Но Баженова уже стояла перед ним прямая, гордая. И хотя улыбка еще не совсем сбежала у нее с лица, влажно поблескивали редкие красивые зубы, глаза глядели холодно, отчужденно и с тем оттенком боли и тоски, который уже был знаком Цагеридзе по первой встрече с Баженовой.
– Да. Пробовали, – с каким-то вызовом сказала она.
– Кто? – опять против воли спросил Цагеридзе, по-прежнему не думая о том, что нельзя – грубо, бестактно расспрашивать молодую женщину.
– Кто? – переспросила Баженова. – Я сама. – Помолчала, глядя в сторону, словно бы в едва различимую даль, и чуть слышно добавила: – Любовь...
И на этом слове сразу оборвался их разговор.
Баженова постояла немного, все так же глядя в сторону, и вышла.
10
Цагеридзе в этот день задержался в конторе до глубокой ночи. Домой, точнее – на ночлег к Баженовой, ему идти не хотелось.

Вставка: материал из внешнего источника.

text \<open>By \<open>chain_lengths_dvd_iff\<close>, divisibility by \<open>g\<close> of the length of a chain from
  \<open>x\<close> depends only on its endpoint, and it is locally constant in the endpoint by
  \<open>open_chain_connects\<close>; connectedness makes it constant.\<close>

lemma chain_connects_dvd_length:
  fixes f :: "'a::metric_space \<Rightarrow> 'a"
  assumes conn: "connected (UNIV :: 'a set)" and "d > 0"
    and trans: "\<And>y z. \<exists>k. chain_connects f d k y z"
    and loops: "\<And>l. chain_connects f d l x x \<Longrightarrow> g dvd l"
  shows "\<exists>k. chain_connects f d (Suc k) x z \<and> g dvd Suc k"
proof -
  define V where "V = (\<Union>k\<in>{k. g dvd Suc k}. {z. chain_connects f d (Suc k) x z})"
  define W where "W = (\<Union>k\<in>{k. \<not> g dvd Suc k}. {z. chain_connects f d (Suc k) x z})"
  have "open V" "open W"
    unfolding V_def W_def by (auto intro!: open_UN open_chain_connects)
  moreover have "V \<inter> W \<inter> UNIV = {}"
  proof (safe)
    fix y assume "y \<in> V" "y \<in> W"
    then obtain k k' where k: "chain_connects f d (Suc k) x y" "g dvd Suc k"
      and k': "chain_connects f d (Suc k') x y" "\<not> g dvd Suc k'"
      unfolding V_def W_def by blast
    obtain l where "chain_connects f d l y x" using trans by blast
    with k k' show "y \<in> {}" using chain_lengths_dvd_iff[OF loops k(1) k'(1)] by blast
  qed
  moreover have "y \<in> V \<union> W" for y
  proof -
    obtain k where "chain_connects f d (Suc k) x y"
      using chain_connects_Suc[OF \<open>d > 0\<close> trans] by blast
    then show ?thesis unfolding V_def W_def by (cases "g dvd Suc k") auto
  qed
  moreover have "x \<in> V"
  proof -
    obtain k where "chain_connects f d (Suc k) x x"
      using chain_connects_Suc[OF \<open>d > 0\<close> trans] by blast
    then show ?thesis using loops unfolding V_def by blast
  qed
  ultimately have "W = {}"
    using connectedD[OF conn \<open>open V\<close> \<open>open W\<close>] by blast
  then have "z \<in> V"
    using \<open>z \<in> V \<union> W\<close> by blast
  then show ?thesis unfolding V_def by blast
qed

lemma loop_lengths_Gcd_eq_1:
  fixes f :: "'a::metric_space \<Rightarrow> 'a"
  assumes conn: "connected (UNIV :: 'a set)" and "d > 0"
    and trans: "\<And>y z. \<exists>k. chain_connects f d k y z"
  shows "Gcd {k. chain_connects f d k x x} = 1"
proof -
  define g where "g = Gcd {k. chain_connects f d k x x}"
  have loops: "g dvd l" if "chain_connects f d l x x" for l
    using that by (simp add: g_def Gcd_dvd)
  obtain m where loop: "chain_connects f d (Suc m) x x"
    using chain_connects_Suc[OF \<open>d > 0\<close> trans] by blast
  have to_f: "chain_connects f d (Suc (Suc m)) x (f x)"
    using chain_connects_trans[OF loop chain_connects_step[OF \<open>d > 0\<close>]] by simp
  obtain k where k: "chain_connects f d (Suc k) x (f x)" "g dvd Suc k"
    using chain_connects_dvd_length[OF assms loops] by blast
  obtain l where "chain_connects f d l (f x) x"
    using trans by blast
  then have "g dvd Suc m + 1"
    using chain_lengths_dvd_iff[OF loops k(1) to_f] k(2) by simp
  moreover have "g dvd Suc m"
    using loop by (rule loops)
  ultimately have "g dvd 1"
    using dvd_add_right_iff by blast
  then show ?thesis by (simp add: g_def)
qed

lemma chain_connects_eventually:
  fixes f :: "'a::metric_space \<Rightarrow> 'a"
  assumes "connected (UNIV :: 'a set)" and "d > 0"
    and trans: "\<And>y z. \<exists>k. chain_connects f d k y z"
  shows "\<exists>N. \<forall>n\<ge>N. chain_connects f d n y z"
proof -
  obtain N where N: "\<And>n. n \<ge> N \<Longrightarrow> chain_connects f d n z z"
    using add_closed_Gcd_1_eventually_mem[of "{k. chain_connects f d k z z}"]
      chain_connects_refl chain_connects_trans loop_lengths_Gcd_eq_1[OF assms]
    by (metis mem_Collect_eq)
  obtain m where m: "chain_connects f d m y z" using trans by blast
  have "chain_connects f d n y z" if "n \<ge> m + N" for n
    using chain_connects_trans[OF m N[of "n - m"]] that by simp
  then show ?thesis by blast
qed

Он не любил неясностей, недомолвок, а Мария и все, что ее окружало, за исключением Фени, все было сплошь неясным и в недомолвках. Домой... От "котежа", предложенного Василием Петровичем, он отказался. Лида смертельно боится, что он станет ночевать у себя в кабинете. Баженова радушно сказала: "Да, пожалуйста, живите пока у меня". Иного выхода не было. И он согласился, хотя в доме Баженовой оказался словно бы пассажиром поезда дальнего следования и поместился в купе, в котором едут женщины, – укладываясь спать, неловко при них раздеваться.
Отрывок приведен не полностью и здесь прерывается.